Do not perform genetic testing for Y chromosome microdeletions as a screening test for all male patients with reproductive problems
Microdeletions of the Y chromosome are long arm submicroscopic alterations that cause the loss of different genes for the control of spermatogenesis. These microdeletions, “de novo” in most cases, can cause alterations in spermatogenesis ranging from complete azoospermia to severe oligozoospermia. The detection rate (DR) of this type of test is about 10% when performed on selected patients, so when the test is used with “diagnostic” value. Conversely, if the test is used as a “screening” test for all male patients with reproductive problems, the DR drops below 2%.

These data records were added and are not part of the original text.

definition join :: "gten \<Rightarrow> gten \<Rightarrow> nat \<Rightarrow> gten" where
  "join A B q = (\<lambda>c. if c < q then A c else B (c - q))"

text \<open>Full multilinear rank of a connection tensor (r_tau x rs!0 x ... ): every
 matricization has linearly independent rows.\<close>
definition full_mlrank :: "gten \<Rightarrow> nat \<Rightarrow> nat list \<Rightarrow> bool" where
  "full_mlrank C rt rs =
     ((\<forall>x. (\<forall>c\<in>MI (\<lambda>i. rs!i) {..<length rs}. (\<Sum>k<rt. x k * C k c) = 0)
            \<longrightarrow> (\<forall>k<rt. x k = 0)) \<and>
      (\<forall>i<length rs. \<forall>x. (\<forall>k<rt. \<forall>c\<in>MI (\<lambda>i. rs!i) {..<length rs}.
            (\<Sum>s<rs!i. x s * C k (c(i:=s))) = 0) \<longrightarrow> (\<forall>s<rs!i. x s = 0)))"

definition solves :: "(real \<Rightarrow> gten) \<Rightarrow> (real \<Rightarrow> gten \<Rightarrow> gten) \<Rightarrow> real \<Rightarrow> real
      \<Rightarrow> gten \<Rightarrow> nat \<Rightarrow> midx set \<Rightarrow> bool" where
  "solves Y F t0 t1 Y0 q M =
     ((\<forall>k<q. \<forall>a\<in>M. Y t0 k a = Y0 k a) \<and>
      (\<forall>t\<in>{t0..t1}. \<forall>k<q. \<forall>a\<in>M.
          ((\<lambda>s. Y s k a) has_vector_derivative F t (Y t) k a) (at t within {t0..t1})))"

text \<open>X_sigma of a TTN with leaf bases U_l (n_l x r_l matrices, row, column),
 connection tensors Cn and ranks r.\<close>
fun X0 :: "(tree \<Rightarrow> gten) \<Rightarrow> (nat \<Rightarrow> nat \<Rightarrow> nat \<Rightarrow> complex) \<Rightarrow> (tree \<Rightarrow> nat) \<Rightarrow> tree \<Rightarrow> gten" where
  "X0 Cn Ul r (Leaf l) = (\<lambda>k a. Ul l (a l) k)"
| "X0 Cn Ul r (Node cs) = comb (Cn (Node cs)) (map (X0 Cn Ul r) cs) (map r cs) (map leaves cs)"

text \<open>QR decomposition mat_i(C)^T = Q S^T, with Q stored as the tensor ten_i(Q^T)
 (same shape as C) and S^T upper triangular.\<close>
definition qr_cond :: "nat \<Rightarrow> nat list \<Rightarrow> gten \<Rightarrow> nat \<Rightarrow> gten \<Rightarrow> (nat \<Rightarrow> nat \<Rightarrow> complex) \<Rightarrow> bool" where
  "qr_cond rt rs C i Qt S =
     ((\<forall>k<rt. \<forall>c\<in>MI (\<lambda>j. rs!j) {..<length rs}.
          C k c = (\<Sum>s<rs!i. Qt k (c(i:=s)) * S (c i) s)) \<and>
      (\<forall>p<rs!i. \<forall>q<rs!i. p < q \<longrightarrow> S p q = 0) \<and>
      (\<forall>s<rs!i. \<forall>s'<rs!i.
          (\<Sum>k<rt. \<Sum>c\<in>{c\<in>MI (\<lambda>j. rs!j) {..<length rs}. c i = s}.
              cnj (Qt k c) * Qt k (c(i:=s'))) = (if s = s' then 1 else 0)))"

text \<open>The matrix V_{tau_i}^0, as function of (k, a) (row, a multi-index over the leaves
 of tau of which only the part outside tau_i matters) and s (column).\<close>
definition Vq :: "nat list \<Rightarrow> gten list \<Rightarrow> nat set list \<Rightarrow> gten \<Rightarrow> nat \<Rightarrow> nat \<Rightarrow> midx \<Rightarrow> nat \<Rightarrow> complex" where
  "Vq rs X0s Ls Qt i k a s = (\<Sum>c\<in>{c\<in>MI (\<lambda>j. rs!j) {..<length rs}. c i = s}.
       Qt k c * (\<Prod>j\<in>{..<length rs} - {i}. (X0s!j) (c j) (restrict a (Ls!j))))"

definition prol :: "nat list \<Rightarrow> gten list \<Rightarrow> nat set list \<Rightarrow> gten \<Rightarrow> nat \<Rightarrow> gten \<Rightarrow> gten" where
  "prol rs X0s Ls Qt i Y = (\<lambda>k a. \<Sum>s<rs!i. Vq rs X0s Ls Qt i k a s * Y s (restrict a (Ls!i)))"

definition merge :: "nat set \<Rightarrow> midx \<Rightarrow> midx \<Rightarrow> midx" where
  "merge L b a' = (\<lambda>l. if l \<in> L then b l else a' l)"

definition restr :: "(nat \<Rightarrow> nat) \<Rightarrow> nat \<Rightarrow> nat list \<Rightarrow> gten list \<Rightarrow> nat set list \<Rightarrow> gten \<Rightarrow> nat \<Rightarrow> gten \<Rightarrow> gten" where
  "restr n rt rs X0s Ls Qt i Z = (\<lambda>s b. \<Sum>k<rt. \<Sum>a'\<in>MI n (\<Union>(set Ls) - Ls!i).
       Z k (merge (Ls!i) b a') * Vq rs X0s Ls Qt i k (merge (Ls!i) b a') s)"

definition redF :: "(nat \<Rightarrow> nat) \<Rightarrow> nat \<Rightarrow> nat list \<Rightarrow> gten list \<Rightarrow> nat set list \<Rightarrow> gten \<Rightarrow> nat
      \<Rightarrow> (real \<Rightarrow> gten \<Rightarrow> gten) \<Rightarrow> real \<Rightarrow> gten \<Rightarrow> gten" where
  "redF n rt rs X0s Ls Qt i F = (\<lambda>t Y. restr n rt rs X0s Ls Qt i (F t (prol rs X0s Ls Qt i Y)))"

text \<open>integ n Cn Ul r t0 t1 tau C F C1 C0 Xh rh: a run of the integrator on
 (tau, Y_tau^0, F_tau, t0, t1), where Y_tau^0 has root connection tensor C and the
 subtree bases of the original TTN below; it returns the root connection tensors
 C1 (of Y-hat^1_tau) and C0 (= C-hat^0_tau), the augmented child bases Xh!i
 (transposed: Xh!i c a = U-hat_{tau_i}(a,c)) and the augmented ranks rh!i.
 The choices of orthonormal bases and QR factors are arbitrary.\<close>
inductive integ :: "(nat \<Rightarrow> nat) \<Rightarrow> (tree \<Rightarrow> gten) \<Rightarrow> (nat \<Rightarrow> nat \<Rightarrow> nat \<Rightarrow> complex)
    \<Rightarrow> (tree \<Rightarrow> nat) \<Rightarrow> real \<Rightarrow> real \<Rightarrow> tree \<Rightarrow> gten \<Rightarrow> (real \<Rightarrow> gten \<Rightarrow> gten)
    \<Rightarrow> gten \<Rightarrow> gten \<Rightarrow> gten list \<Rightarrow> nat list \<Rightarrow> bool"
  for n Cn Ul r t0 t1 where
  step: "\<lbrakk> length Xh = length cs; length rh = length cs;
     \<forall>i<length cs. \<exists>Qt S.
        qr_cond (r (Node cs)) (map r cs) C i Qt S \<and>
        (\<forall>l. cs!i = Leaf l \<longrightarrow>
           (\<exists>Y. solves Y (redF n (r (Node cs)) (map r cs) (map (X0 Cn Ul r) cs) (map leaves cs) Qt i F)
                   t0 t1 (sred S (r (cs!i)) (X0 Cn Ul r (cs!i))) (r (cs!i)) (MI n {l})
             \<and> orth (MI n {l}) (Xh!i) (rh!i)
             \<and> cols_span_eq (MI n {l}) (Xh!i) (rh!i)
                  (join (Y t1) (X0 Cn Ul r (cs!i)) (r (cs!i))) (2 * r (cs!i)))) \<and>
        (\<forall>cs'. cs!i = Node cs' \<longrightarrow>
           (\<exists>C1' C0' Xs' rs' Qh.
              integ n Cn Ul r t0 t1 (cs!i) (sred S (r (cs!i)) (Cn (cs!i)))
                 (redF n (r (Node cs)) (map r cs) (map (X0 Cn Ul r) cs) (map leaves cs) Qt i F)
                 C1' C0' Xs' rs'
            \<and> orth (MI (\<lambda>j. rs'!j) {..<length cs'}) Qh (rh!i)
            \<and> cols_span_eq (MI (\<lambda>j. rs'!j) {..<length cs'}) Qh (rh!i)
                 (join C1' C0' (r (cs!i))) (2 * r (cs!i))
            \<and> Xh!i = comb Qh Xs' rs' (map leaves cs')));
     C0 = cmult C (map (\<lambda>i. mhat (MI n (leaves (cs!i))) (Xh!i) (X0 Cn Ul r (cs!i))) [0..<length cs])
                (map r cs);
     solves Ch (\<lambda>t Cc. proj n (F t (comb Cc Xh rh (map leaves cs))) Xh (map leaves cs))
        t0 t1 C0 (r (Node cs)) (MI (\<lambda>i. rh!i) {..<length cs});
     C1 = Ch t1 \<rbrakk>
   \<Longrightarrow> integ n Cn Ul r t0 t1 (Node cs) C F C1 C0 Xh rh"

definition inner_on :: "midx set \<Rightarrow> (midx \<Rightarrow> complex) \<Rightarrow> (midx \<Rightarrow> complex) \<Rightarrow> complex" where
  "inner_on M Y Z = (\<Sum>a\<in>M. cnj (Y a) * Z a)"

definition energy :: "midx set \<Rightarrow> ((midx \<Rightarrow> complex) \<Rightarrow> (midx \<Rightarrow> complex)) \<Rightarrow> (midx \<Rightarrow> complex) \<Rightarrow> complex" where
  "energy M H Y = inner_on M Y (H Y)"

end

theory Submission
  imports Defs "Jordan_Normal_Form.Determinant"
begin

text \<open>
  The augmented basis of each child \<open>\<tau>\<^sub>i\<close> of the root is orthonormal, and its range contains
  the range of the initial basis \<open>U\<^sup>0\<^sub>i\<close>. At a leaf this is built into the augmentation. At
  an inner node it follows from the same statement one level down: the augmented starting
  connection tensor of \<open>\<tau>\<^sub>i\<close>, expanded in the augmented bases below it, reproduces \<open>U\<^sup>0\<^sub>i\<close>
  multiplied by the QR factor \<open>S\<close>, and \<open>S\<close> is invertible because the connection tensors have
  full multilinear rank (a property that the reduction by \<open>S\<close> hands down to the next level).
  Projecting \<open>U\<^sup>0\<^sub>i\<close> onto the augmented basis is therefore exact, so the starting value of the
  root step equals \<open>Y\<^sup>0\<close>.

  The root step is the Galerkin projection of \<open>i A' = H[A]\<close> onto a fixed space spanned by
  products \<open>b\<^sub>c\<close> of the augmented bases. The coefficients satisfy \<open>c' = -i w\<^sub>c\<close> with
  \<open>w\<^sub>c = \<langle>b\<^sub>c, H Y\<rangle>\<close>, so by self-adjointness the derivative of \<open>\<langle>Y, H Y\<rangle>\<close> is
  \<open>\<Sum>\<^sub>c (-i |w\<^sub>c|\<^sup>2 + i |w\<^sub>c|\<^sup>2) = 0\<close>. Neither part uses the orthonormality of the initial network.
\<close>

section \<open>Multi-indices\<close>

lemma finite_MI: "finite L \<Longrightarrow> finite (MI n L)"
  unfolding MI_def by (auto intro!: finite_PiE)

Good practice: do not require the test for the detection of Y microdeletions in normospermic patients, with mild oligozoospermia (sperm count >15ML/ml) or with obstructive azoospermia, even if initiated to a path of Medically Assisted Reproduction (MAP), and in any case before having excluded the presence of karyotype abnormalities or non-genetic causes of sterility.
Sources
1. Molecular and clinical characterization of Y chromosome microdeletions in infertile men: a 10-year experience in Italy.
2. Genetic testing in couples undergoing assisted reproduction technique protocols https://www.ncbi.nlm.nih.gov/pubmed/23495986
Stuppia L, Gatta V, Antonucci I, Giuliani R, Scioletti AP, Palka G. Expert Opin Med Diagn. 2009 Sep;3(5):571-83.
3. Linee Guida SIGU su “ Test genetici nel percorso della procreazione medicalmente assistita (PMA)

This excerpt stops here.